Spätestens seit dem Zürcher Derby im Jahr 2021, als aus der FCZ-Fankurve brennende Fackeln in den GC-Sektor flogen, scheint man sich einig zu sein: In Sachen Fangewalt im Umfeld von Fussballspielen besteht in der Schweiz Handlungsbedarf. Nur über das «Wie» ist man sich nach wie vor uneinig.
Dabei hatte die Konferenz der Kantonalen Justiz- und Polizeidirektorinnen und -direktoren (KKJPD) vor 12 Jahren ein Instrument verabschiedet, von dem man sich viel versprochen hatte.

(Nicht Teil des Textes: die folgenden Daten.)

(* Let $x_0,y_0$ be positive integers and let $\{(X_t,Y_t)\}_{t\ge 0}$ be the CA competition process with fitness ratio $r=1$ started at $(x_0,y_0)$. Let $N=\sum_{t=0}^\infty \mathbf{1}\{X_t=Y_t\}$ be the total number of ties. Then, as $n\to\infty$, \[ \mathbb{P}[N\ge n]\sim \frac{1}{2^{x_0+y_0-2}\,B(x_0,y_0)}\, n^{-1}, \] where $B(x,y)=\int_0^1 s^{x-1}(1-s)^{y-1}\,ds$ is the beta function.
   Context: The CA competition process with fitness ratio $r\ge 1$ started at $(x_0,y_0)$ is the discrete-time Markov chain $\{(X_t,Y_t)\}_{t\ge0}$ on $\{(x,y)\in\mathbb{Z}^2: x\ge1,y\ge1\}$ with $(X_0,Y_0)=(x_0,y_0)$ and transition probabilities: from $(x,y)$ it moves to $(x+1,y)$ with probability $\frac{rx}{rx+y}$ and to $(x,y+1)$ with probability $\frac{y}{rx+y}$. The notation $f(n)\sim g(n)$ means $\lim_{n\to\infty} f(n)/g(n)=1$. *)

theory Defs
  imports "HOL-Probability.Probability" "HOL-Library.Landau_Symbols"
begin

text \<open>One step of the CA competition process with fitness ratio r, driven by a
  uniform random number u in [0,1]: from (x,y) move to (x+1,y) iff u < r x/(r x + y),
  which happens with probability r x/(r x + y); otherwise move to (x,y+1).\<close>
definition ca_step :: "real \<Rightarrow> nat \<times> nat \<Rightarrow> real \<Rightarrow> nat \<times> nat" where
  "ca_step r s u = (let x = fst s; y = snd s in
     if u < r * real x / (r * real x + real y) then (x + 1, y) else (x, y + 1))"

definition noise :: "real stream measure" where
  "noise = stream_space (uniform_measure lborel {0..1})"

fun ca_path :: "real \<Rightarrow> nat \<Rightarrow> nat \<Rightarrow> real stream \<Rightarrow> nat \<Rightarrow> nat \<times> nat" where
  "ca_path r x0 y0 \<omega> 0 = (x0, y0)"
| "ca_path r x0 y0 \<omega> (Suc t) = ca_step r (ca_path r x0 y0 \<omega> t) (\<omega> !! t)"

definition num_ties :: "real \<Rightarrow> nat \<Rightarrow> nat \<Rightarrow> real stream \<Rightarrow> ennreal" where
  "num_ties r x0 y0 \<omega> =
     (\<Sum>t. if fst (ca_path r x0 y0 \<omega> t) = snd (ca_path r x0 y0 \<omega> t) then 1 else 0)"

end

theory Submission
  imports Defs "HOL-Real_Asymp.Real_Asymp"
begin

text \<open>
  For r = 1 the process is Polya's urn: conditionally on a Beta(x0, y0)-distributed p, the first
  coordinate increases at every step with probability p, so X_t - Y_t is a simple random walk with
  up-probability p started at x0 - y0, and the ties are its visits to 0. For that walk started at d,
  P[N \<ge> n] = min(1, ((1 - p)/p)^d) (2 min(p, 1 - p))^(n - 1) for n \<ge> 1. Integrating against the
  Beta density, the factor (2 min(p, 1 - p))^(n - 1) localises the integral at p = 1/2, where the
  density is 2^(2 - x0 - y0) / B(x0, y0), while the integral of (2 min(p, 1 - p))^(n - 1) over [0, 1]
  is 1/n.

  The mixture identity holds for the ties before any time T, by a first-step analysis on both sides
  and induction on T. Letting T \<rightarrow> \<infinity> is justified by dominated convergence, since for p \<noteq> 1/2 the
  finite-horizon walk probabilities converge geometrically to the closed form.
\<close>

section \<open>Ties of the process\<close>

lemma ca_path_Stream_Suc:
  "ca_path r x y (u ## \<omega>) (Suc t) =
     ca_path r (fst (ca_step r (x, y) u)) (snd (ca_step r (x, y) u)) \<omega> t"
  by (induction t) auto

interpretation uniform01: prob_space "uniform_measure lborel {0..1::real}"
  by (rule prob_space_uniform_measure) auto

interpretation noise: prob_space noise
  unfolding noise_def by (rule uniform01.prob_space_stream_space)

lemma measurable_ca_path [measurable]:
  "(\<lambda>\<omega>. ca_path r x y \<omega> t) \<in> noise \<rightarrow>\<^sub>M count_space UNIV"
proof (induction t)
  case (Suc t)
  have snth: "(\<lambda>\<omega>. \<omega> !! t) \<in> noise \<rightarrow>\<^sub>M borel"
    unfolding noise_def using measurable_snth[of t "uniform_measure lborel {0..1::real}"] by simp
  show ?case
    unfolding ca_path.simps ca_step_def Let_def
    by (rule measurable_compose_countable'[where g="\<lambda>\<omega>. ca_path r x y \<omega> t"])
      (use snth Suc in measurable)
qed simp

lemma nn_integral_uniform01_threshold:
  fixes A B c :: real
  assumes "0 \<le> c" "c \<le> 1" "0 \<le> A" "0 \<le> B"
  shows "(\<integral>\<^sup>+u. ennreal (if u < c then A else B) \<partial>uniform_measure lborel {0..1}) =
           ennreal (c * A + (1 - c) * B)"
proof -
  have "{0..1} \<inter> {..<c} = {0..<c}" "{0..1} \<inter> {c..} = {c..1}"
    using assms by auto
  then have below: "emeasure (uniform_measure lborel {0..1}) {..<c} = ennreal c"
    and above: "emeasure (uniform_measure lborel {0..1}) {c..} = ennreal (1 - c)"
    using assms by (simp_all add: divide_ennreal_def)
  have "(\<integral>\<^sup>+u. ennreal (if u < c then A else B) \<partial>uniform_measure lborel {0..1}) =
        (\<integral>\<^sup>+u. ennreal A * indicator {..<c} u + ennreal B * indicator {c..} u
           \<partial>uniform_measure lborel {0..1})"
    by (intro nn_integral_cong) (auto simp: indicator_def)
  also have "\<dots> = ennreal A * ennreal c + ennreal B * ennreal (1 - c)"
    by (subst nn_integral_add) (auto simp: nn_integral_cmult_indicator below above)
  also have "\<dots> = ennreal (c * A + (1 - c) * B)"
    using assms by (simp add: ennreal_plus ennreal_mult mult.commute)
  finally show ?thesis .
qed

definition ties_before :: "nat \<Rightarrow> nat \<Rightarrow> real stream \<Rightarrow> nat \<Rightarrow> nat" where
  "ties_before x y \<omega> T =
     (\<Sum>t<T. if fst (ca_path 1 x y \<omega> t) = snd (ca_path 1 x y \<omega> t) then 1 else 0)"

lemma sets_ties_before_ge [measurable]:
  "{\<omega> \<in> space noise. n \<le> ties_before x y \<omega> T} \<in> sets noise"
  unfolding ties_before_def by measurable

lemma ties_before_mono: "T \<le> T' \<Longrightarrow> ties_before x y \<omega> T \<le> ties_before x y \<omega> T'"
  unfolding ties_before_def by (rule sum_mono2) auto

lemma ties_before_Stream_Suc:
  "ties_before x y (u ## \<omega>) (Suc T) =
     (if x = y then 1 else 0) + ties_before (fst (ca_step 1 (x, y) u)) (snd (ca_step 1 (x, y) u)) \<omega> T"
  unfolding ties_before_def
  by (subst sum.lessThan_Suc_shift) (simp del: ca_path.simps(2) add: ca_path_Stream_Suc)

lemma num_ties_eq_SUP_ties_before: "num_ties 1 x y \<omega> = (SUP T. of_nat (ties_before x y \<omega> T))"
  unfolding num_ties_def ties_before_def suminf_eq_SUP by (auto intro!: SUP_cong sum.cong)

lemma of_nat_le_num_ties_iff:
  "of_nat n \<le> num_ties 1 x y \<omega> \<longleftrightarrow> (\<exists>T. n \<le> ties_before x y \<omega> T)"
proof
  assume "of_nat n \<le> num_ties 1 x y \<omega>"
  then have "\<forall>z < of_nat n. \<exists>T. z < (of_nat (ties_before x y \<omega> T) :: ennreal)"
    by (simp add: num_ties_eq_SUP_ties_before le_SUP_iff)
  from this[rule_format, of "of_nat (n - 1)"] show "\<exists>T. n \<le> ties_before x y \<omega> T"
    by (cases n) (auto simp: Suc_le_eq)
next
  assume "\<exists>T. n \<le> ties_before x y \<omega> T"
  then show "of_nat n \<le> num_ties 1 x y \<omega>"
    unfolding num_ties_eq_SUP_ties_before by (auto intro: SUP_upper2)
qed

definition tie_tail_upto :: "nat \<Rightarrow> nat \<Rightarrow> nat \<Rightarrow> nat \<Rightarrow> real" where
  "tie_tail_upto T x y n = \<P>(\<omega> in noise. n \<le> ties_before x y \<omega> T)"

definition tie_tail :: "nat \<Rightarrow> nat \<Rightarrow> nat \<Rightarrow> real" where
  "tie_tail x y n = \<P>(\<omega> in noise. of_nat n \<le> num_ties 1 x y \<omega>)"

lemma tie_tail_upto_0: "tie_tail_upto 0 x y n = (if n = 0 then 1 else 0)"
  by (simp add: tie_tail_upto_def ties_before_def noise.prob_space)

lemma tie_tail_upto_Suc:
  assumes "0 < x + y"
  shows "tie_tail_upto (Suc T) x y n =
    real x / (real x + real y) * tie_tail_upto T (x + 1) y (n - (if x = y then 1 else 0)) +
    real y / (real x + real y) * tie_tail_upto T x (y + 1) (n - (if x = y then 1 else 0))"
proof -
  define c where "c = real x / (real x + real y)"
  define m where "m = n - (if x = y then 1 else 0)"
  have "0 < real x + real y"
    using assms by linarith
  then have c: "0 \<le> c" "c \<le> 1" "1 - c = real y / (real x + real y)"
    by (auto simp: c_def field_simps)
  have "ca_step 1 (x, y) u = (if u < c then (x + 1, y) else (x, y + 1))" for u
    by (simp add: ca_step_def c_def)
  then have first_step: "\<P>(\<omega> in noise. n \<le> ties_before x y (u ## \<omega>) (Suc T)) =
      (if u < c then tie_tail_upto T (x + 1) y m else tie_tail_upto T x (y + 1) m)" for u
    by (auto simp: ties_before_Stream_Suc tie_tail_upto_def m_def le_diff_conv add.commute)
  have "ennreal (tie_tail_upto (Suc T) x y n) =
      (\<integral>\<^sup>+u. ennreal (\<P>(\<omega> in noise. n \<le> ties_before x y (u ## \<omega>) (Suc T)))
         \<partial>uniform_measure lborel {0..1})"
    unfolding tie_tail_upto_def noise_def
    by (rule uniform01.prob_stream_space) (use sets_ties_before_ge[unfolded noise_def] in simp)
  also have "\<dots> = ennreal (c * tie_tail_upto T (x + 1) y m + (1 - c) * tie_tail_upto T x (y + 1) m)"
    unfolding first_step using c by (intro nn_integral_uniform01_threshold) (auto simp: tie_tail_upto_def)
  finally have "tie_tail_upto (Suc T) x y n =
      c * tie_tail_upto T (x + 1) y m + (1 - c) * tie_tail_upto T x (y + 1) m"
    using c by (subst (asm) ennreal_inj) (auto simp: tie_tail_upto_def)
  then show ?thesis
    using c by (simp add: c_def m_def)
qed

Das revidierte Hooligan-Konkordat sollte die Fangewalt reduzieren und damit einhergehend weniger Polizeieinsätze sowie tiefere Kosten für die Steuerzahler zur Folge haben. «Wir wollen gewaltbereite Matchbesucher daran hindern, ihr Unwesen zu treiben», fasste Hans-Jürg Käser, damals ein Mitglied der KKJPD, den Zweck dieses Konkordats zusammen.
Eine von der KKJPD in Auftrag gegebene Evaluation, die von der Universität Bern im letzten Herbst veröffentlicht wurde, zeigt deutlich: Das Konkordat hat nicht gehalten, was es versprochen hat. «Beim Betrachten der analysierten Ereignisdaten kann festgehalten werden, dass die Anzahl Fussballspiele mit gewaltsamen Ereignissen im Betrachtungszeitraum relativ stabil war», resümieren die Autoren der Evaluation. Kurz gesagt: Es hat sich nicht viel verändert.
Im vergangenen Herbst ging schliesslich eine weitere Meldung zu einem Vorfall im Umfeld eines Fussballspiels durch die Medien. Nach dem Spiel zwischen GC und YB beschädigten Berner Fans einen Bus der ZVV und bedrohten den Fahrer. Auch bei einem Spiel zwischen dem FC Basel und dem FC Zürich kam es jüngst zu Ausschreitungen und am vergangenen Samstag sorgten die Fans vom FCZ und GC für Negativschlagzeilen.
Fangewalt ist auf dem Vormarsch, könnte man angesichts dieser Meldungen meinen. Glaubt man Alain Brechbühl, Leiter der Forschungsstelle Gewalt bei Sportveranstaltungen der Uni Bern, entspricht dieser Eindruck aber nicht der Realität. Gegenüber Blick erklärte der Forscher, dass sogar ein gegenteiliger Trend erkennbar sei. 2023 gab es rund um Super-League-Spiele so wenige schwere gewaltsame Auseinandersetzungen wie noch nie. Die entsprechenden Daten werden seit 2018 erhoben.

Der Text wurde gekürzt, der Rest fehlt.